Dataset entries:
###
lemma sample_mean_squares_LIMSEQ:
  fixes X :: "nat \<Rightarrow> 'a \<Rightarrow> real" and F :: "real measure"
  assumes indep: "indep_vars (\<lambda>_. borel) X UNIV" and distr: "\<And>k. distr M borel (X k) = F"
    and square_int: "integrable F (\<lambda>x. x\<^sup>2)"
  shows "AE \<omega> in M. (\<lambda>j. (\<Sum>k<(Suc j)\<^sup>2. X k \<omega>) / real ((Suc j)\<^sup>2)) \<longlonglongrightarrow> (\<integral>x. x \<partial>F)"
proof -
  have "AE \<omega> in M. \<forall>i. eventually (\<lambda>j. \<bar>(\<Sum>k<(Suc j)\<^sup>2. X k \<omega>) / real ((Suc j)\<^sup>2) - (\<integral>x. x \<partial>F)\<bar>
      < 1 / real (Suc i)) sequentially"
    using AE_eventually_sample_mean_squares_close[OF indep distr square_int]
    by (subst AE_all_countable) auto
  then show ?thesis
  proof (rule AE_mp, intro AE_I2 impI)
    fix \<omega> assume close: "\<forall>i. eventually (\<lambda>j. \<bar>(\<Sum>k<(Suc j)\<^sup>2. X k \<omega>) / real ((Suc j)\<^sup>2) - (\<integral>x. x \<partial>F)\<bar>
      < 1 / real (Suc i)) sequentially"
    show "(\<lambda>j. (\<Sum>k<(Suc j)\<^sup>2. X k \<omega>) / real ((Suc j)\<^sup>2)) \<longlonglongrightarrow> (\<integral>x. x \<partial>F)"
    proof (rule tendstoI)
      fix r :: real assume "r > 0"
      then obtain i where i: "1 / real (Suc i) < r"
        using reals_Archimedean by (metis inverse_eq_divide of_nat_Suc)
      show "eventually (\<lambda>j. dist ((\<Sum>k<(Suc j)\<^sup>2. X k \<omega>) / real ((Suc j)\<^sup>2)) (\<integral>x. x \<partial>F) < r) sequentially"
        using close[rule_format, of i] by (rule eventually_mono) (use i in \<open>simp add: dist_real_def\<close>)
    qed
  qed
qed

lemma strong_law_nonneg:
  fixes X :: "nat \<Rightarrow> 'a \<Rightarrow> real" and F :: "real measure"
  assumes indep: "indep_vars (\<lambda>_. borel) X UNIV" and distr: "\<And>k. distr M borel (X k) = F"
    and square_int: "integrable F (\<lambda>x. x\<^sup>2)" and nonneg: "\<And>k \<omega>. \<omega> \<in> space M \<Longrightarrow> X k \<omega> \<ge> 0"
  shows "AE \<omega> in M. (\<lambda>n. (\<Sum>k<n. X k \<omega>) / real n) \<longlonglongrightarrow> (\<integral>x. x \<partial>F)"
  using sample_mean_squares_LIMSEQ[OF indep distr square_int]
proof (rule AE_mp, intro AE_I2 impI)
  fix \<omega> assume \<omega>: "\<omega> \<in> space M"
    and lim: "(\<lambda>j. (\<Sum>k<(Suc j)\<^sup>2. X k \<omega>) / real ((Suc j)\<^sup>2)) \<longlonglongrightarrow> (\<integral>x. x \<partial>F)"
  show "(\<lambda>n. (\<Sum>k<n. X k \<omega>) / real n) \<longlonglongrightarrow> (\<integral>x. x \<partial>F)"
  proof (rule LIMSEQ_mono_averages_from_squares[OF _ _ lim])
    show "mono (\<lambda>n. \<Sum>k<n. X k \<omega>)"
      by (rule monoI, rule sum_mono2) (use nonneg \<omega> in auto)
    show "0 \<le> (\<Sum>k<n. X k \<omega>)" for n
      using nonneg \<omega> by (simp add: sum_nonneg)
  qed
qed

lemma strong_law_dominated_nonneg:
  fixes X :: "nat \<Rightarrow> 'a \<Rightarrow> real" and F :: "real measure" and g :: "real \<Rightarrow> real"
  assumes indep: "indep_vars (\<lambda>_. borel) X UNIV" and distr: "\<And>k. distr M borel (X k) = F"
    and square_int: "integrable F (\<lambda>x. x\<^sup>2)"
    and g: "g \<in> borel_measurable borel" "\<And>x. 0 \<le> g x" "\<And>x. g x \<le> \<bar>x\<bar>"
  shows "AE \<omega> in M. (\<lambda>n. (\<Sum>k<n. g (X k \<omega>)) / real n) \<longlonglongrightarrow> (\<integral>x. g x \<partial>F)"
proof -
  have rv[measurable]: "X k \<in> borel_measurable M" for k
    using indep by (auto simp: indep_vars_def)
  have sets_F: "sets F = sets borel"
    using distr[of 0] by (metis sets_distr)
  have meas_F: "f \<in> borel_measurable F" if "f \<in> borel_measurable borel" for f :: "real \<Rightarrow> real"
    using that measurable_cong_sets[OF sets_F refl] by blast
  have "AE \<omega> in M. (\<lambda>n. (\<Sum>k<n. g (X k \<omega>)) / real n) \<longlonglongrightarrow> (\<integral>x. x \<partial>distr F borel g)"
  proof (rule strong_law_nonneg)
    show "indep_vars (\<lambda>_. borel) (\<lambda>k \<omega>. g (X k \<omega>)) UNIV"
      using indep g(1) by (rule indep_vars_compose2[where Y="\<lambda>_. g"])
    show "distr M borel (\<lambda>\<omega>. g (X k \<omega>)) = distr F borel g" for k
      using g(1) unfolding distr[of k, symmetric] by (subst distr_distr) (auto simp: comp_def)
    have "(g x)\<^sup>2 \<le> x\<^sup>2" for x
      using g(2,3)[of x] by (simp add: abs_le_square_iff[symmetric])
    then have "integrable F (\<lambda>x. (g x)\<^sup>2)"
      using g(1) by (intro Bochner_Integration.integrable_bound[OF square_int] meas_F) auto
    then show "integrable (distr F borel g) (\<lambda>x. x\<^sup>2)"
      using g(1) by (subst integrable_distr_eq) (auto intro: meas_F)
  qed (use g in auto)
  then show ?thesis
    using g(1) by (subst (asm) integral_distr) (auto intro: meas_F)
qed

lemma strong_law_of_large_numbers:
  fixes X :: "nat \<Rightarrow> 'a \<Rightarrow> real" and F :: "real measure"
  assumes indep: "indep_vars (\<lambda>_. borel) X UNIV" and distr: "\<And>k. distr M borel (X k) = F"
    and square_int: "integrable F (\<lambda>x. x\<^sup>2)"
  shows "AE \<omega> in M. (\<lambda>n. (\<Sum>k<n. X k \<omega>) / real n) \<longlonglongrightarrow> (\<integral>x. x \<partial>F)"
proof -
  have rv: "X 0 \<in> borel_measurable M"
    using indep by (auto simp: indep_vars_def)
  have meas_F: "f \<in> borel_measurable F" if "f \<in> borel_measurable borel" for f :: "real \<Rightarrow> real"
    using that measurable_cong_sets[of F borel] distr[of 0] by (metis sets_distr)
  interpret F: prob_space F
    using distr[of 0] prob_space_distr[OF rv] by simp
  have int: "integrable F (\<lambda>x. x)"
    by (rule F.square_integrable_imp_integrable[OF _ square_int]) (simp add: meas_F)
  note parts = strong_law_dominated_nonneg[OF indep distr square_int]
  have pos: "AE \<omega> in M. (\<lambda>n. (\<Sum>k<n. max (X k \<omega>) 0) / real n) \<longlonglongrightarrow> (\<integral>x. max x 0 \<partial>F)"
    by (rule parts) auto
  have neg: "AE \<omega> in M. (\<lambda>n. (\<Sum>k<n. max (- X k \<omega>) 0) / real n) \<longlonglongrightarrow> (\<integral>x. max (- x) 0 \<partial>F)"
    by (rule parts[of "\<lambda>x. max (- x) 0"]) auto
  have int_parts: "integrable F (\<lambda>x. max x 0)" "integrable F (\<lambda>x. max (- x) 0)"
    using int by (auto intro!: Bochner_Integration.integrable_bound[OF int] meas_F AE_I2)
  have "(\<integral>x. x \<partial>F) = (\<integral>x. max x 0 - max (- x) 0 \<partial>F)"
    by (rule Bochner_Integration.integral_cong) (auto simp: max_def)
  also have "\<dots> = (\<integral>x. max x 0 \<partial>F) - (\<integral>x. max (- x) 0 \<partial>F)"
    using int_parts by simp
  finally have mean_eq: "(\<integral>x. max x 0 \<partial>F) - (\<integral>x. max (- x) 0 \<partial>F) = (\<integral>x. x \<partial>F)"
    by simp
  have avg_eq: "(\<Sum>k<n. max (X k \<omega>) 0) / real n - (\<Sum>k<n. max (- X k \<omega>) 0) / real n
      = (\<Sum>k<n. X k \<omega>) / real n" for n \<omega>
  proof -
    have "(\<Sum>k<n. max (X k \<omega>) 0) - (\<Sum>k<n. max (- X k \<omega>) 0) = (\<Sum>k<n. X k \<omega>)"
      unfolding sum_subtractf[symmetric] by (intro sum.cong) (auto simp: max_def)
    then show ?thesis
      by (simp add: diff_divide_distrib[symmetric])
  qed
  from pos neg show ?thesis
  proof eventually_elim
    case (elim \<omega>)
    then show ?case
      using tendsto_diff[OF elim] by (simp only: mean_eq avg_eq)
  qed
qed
###
Among the entries above, find every line holding "subst" and copy it.

    by (subst AE_all_countable) auto
      using g(1) unfolding distr[of k, symmetric] by (subst distr_distr) (auto simp: comp_def)
      using g(1) by (subst integrable_distr_eq) (auto intro: meas_F)
    using g(1) by (subst (asm) integral_distr) (auto intro: meas_F)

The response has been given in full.